### Input for this task:
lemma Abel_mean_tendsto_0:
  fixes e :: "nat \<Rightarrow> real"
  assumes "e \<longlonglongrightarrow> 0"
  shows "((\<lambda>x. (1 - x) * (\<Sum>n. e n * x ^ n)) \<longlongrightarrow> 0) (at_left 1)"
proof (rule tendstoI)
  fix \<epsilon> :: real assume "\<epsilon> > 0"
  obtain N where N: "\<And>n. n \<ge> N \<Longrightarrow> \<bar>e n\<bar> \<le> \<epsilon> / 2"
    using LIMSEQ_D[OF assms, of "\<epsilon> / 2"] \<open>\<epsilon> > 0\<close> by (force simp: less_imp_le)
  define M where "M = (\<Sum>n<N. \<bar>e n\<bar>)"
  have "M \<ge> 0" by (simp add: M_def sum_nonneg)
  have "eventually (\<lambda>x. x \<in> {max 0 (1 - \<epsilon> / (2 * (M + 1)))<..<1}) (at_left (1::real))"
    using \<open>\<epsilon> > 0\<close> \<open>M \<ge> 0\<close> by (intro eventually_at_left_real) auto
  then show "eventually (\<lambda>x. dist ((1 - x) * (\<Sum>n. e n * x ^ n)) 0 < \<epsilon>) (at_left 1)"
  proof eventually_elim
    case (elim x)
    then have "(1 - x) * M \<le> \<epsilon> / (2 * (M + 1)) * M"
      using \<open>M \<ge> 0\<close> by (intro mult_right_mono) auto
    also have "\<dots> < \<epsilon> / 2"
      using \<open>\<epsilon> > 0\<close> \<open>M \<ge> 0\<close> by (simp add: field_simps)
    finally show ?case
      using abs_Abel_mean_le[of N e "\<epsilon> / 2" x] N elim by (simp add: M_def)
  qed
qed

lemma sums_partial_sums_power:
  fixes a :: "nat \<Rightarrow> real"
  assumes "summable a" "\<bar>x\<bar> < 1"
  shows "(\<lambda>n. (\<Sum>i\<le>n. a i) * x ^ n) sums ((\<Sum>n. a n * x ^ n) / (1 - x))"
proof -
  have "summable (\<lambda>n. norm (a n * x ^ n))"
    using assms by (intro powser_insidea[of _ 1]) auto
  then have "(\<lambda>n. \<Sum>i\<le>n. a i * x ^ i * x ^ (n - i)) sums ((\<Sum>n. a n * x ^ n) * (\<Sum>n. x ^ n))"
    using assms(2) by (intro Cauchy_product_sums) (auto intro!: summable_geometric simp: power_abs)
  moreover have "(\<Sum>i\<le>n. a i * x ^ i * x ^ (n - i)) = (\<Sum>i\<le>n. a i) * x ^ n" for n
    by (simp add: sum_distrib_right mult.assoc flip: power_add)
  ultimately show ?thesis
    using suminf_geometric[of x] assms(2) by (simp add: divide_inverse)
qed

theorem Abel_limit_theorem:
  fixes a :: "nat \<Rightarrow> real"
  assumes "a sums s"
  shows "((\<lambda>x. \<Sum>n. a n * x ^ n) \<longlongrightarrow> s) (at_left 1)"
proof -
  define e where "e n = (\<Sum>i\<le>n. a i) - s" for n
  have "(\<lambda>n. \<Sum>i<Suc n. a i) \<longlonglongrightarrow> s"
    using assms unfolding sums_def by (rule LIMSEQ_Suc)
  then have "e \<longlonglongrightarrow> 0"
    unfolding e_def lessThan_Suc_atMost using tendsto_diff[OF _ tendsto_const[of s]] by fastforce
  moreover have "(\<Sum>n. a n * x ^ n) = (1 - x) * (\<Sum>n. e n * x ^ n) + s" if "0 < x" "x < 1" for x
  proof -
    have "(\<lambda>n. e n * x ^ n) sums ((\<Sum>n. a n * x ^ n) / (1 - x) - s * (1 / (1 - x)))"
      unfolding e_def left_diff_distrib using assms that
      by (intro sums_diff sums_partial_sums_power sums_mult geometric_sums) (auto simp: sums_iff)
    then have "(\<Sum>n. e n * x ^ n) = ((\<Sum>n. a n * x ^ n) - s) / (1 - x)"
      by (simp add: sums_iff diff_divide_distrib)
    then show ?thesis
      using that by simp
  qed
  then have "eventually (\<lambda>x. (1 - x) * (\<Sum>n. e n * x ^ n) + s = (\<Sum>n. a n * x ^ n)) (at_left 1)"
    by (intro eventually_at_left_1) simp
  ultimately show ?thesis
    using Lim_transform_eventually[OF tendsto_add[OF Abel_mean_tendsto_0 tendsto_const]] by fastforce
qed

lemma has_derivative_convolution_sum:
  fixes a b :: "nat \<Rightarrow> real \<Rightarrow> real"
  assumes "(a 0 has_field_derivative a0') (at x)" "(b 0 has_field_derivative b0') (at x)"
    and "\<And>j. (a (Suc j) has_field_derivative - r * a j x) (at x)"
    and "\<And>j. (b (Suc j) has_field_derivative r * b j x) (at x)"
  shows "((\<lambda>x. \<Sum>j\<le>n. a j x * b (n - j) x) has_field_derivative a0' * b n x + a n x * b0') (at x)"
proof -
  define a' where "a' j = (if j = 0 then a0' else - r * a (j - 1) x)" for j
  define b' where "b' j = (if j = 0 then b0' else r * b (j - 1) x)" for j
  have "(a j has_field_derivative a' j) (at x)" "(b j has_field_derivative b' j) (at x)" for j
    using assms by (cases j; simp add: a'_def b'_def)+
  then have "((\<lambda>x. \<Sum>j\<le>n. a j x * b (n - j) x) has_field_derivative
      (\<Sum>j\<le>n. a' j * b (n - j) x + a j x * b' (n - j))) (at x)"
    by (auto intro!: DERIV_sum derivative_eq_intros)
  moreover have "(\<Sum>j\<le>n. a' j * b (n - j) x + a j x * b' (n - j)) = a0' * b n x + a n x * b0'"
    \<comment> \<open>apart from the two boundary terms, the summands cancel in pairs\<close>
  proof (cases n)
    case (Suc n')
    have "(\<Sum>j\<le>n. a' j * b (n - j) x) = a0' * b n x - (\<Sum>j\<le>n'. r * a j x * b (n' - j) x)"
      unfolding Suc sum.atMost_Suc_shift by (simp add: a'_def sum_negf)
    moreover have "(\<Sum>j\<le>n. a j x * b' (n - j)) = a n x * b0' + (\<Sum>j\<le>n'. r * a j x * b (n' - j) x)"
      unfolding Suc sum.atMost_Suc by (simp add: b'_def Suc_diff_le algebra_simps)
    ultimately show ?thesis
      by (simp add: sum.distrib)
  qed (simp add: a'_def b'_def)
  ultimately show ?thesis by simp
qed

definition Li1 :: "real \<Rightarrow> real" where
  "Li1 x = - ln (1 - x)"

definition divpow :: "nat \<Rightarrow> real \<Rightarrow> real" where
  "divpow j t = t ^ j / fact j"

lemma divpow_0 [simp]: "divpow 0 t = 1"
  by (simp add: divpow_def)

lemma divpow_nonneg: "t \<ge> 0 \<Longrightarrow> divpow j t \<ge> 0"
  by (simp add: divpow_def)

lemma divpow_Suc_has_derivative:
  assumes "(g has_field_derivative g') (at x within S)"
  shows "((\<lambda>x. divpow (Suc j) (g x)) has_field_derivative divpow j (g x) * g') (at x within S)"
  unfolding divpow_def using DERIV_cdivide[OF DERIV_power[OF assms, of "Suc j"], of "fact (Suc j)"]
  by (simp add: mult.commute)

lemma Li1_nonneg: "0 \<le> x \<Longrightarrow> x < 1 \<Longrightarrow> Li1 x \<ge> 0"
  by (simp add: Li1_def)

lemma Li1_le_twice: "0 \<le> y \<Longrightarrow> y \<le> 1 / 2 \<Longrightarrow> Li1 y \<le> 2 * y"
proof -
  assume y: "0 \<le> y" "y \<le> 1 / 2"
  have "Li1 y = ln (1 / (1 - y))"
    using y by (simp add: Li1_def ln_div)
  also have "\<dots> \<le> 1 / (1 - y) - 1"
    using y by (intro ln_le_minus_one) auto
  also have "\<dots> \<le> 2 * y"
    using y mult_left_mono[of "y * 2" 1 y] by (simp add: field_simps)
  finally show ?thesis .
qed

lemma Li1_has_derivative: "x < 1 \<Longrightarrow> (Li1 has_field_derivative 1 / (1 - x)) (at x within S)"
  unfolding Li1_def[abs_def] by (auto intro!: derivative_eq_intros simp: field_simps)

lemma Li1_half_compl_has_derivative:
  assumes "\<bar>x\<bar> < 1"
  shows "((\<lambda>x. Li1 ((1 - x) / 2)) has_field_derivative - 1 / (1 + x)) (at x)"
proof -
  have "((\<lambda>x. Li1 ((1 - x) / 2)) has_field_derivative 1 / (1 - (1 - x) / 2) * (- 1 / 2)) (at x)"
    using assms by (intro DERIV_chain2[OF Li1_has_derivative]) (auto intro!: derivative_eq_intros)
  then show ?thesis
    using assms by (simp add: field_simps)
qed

### Task description:
Scan the data above, please, and give the number of lines where the word "open" occurs, with no further text.

### The answer:
5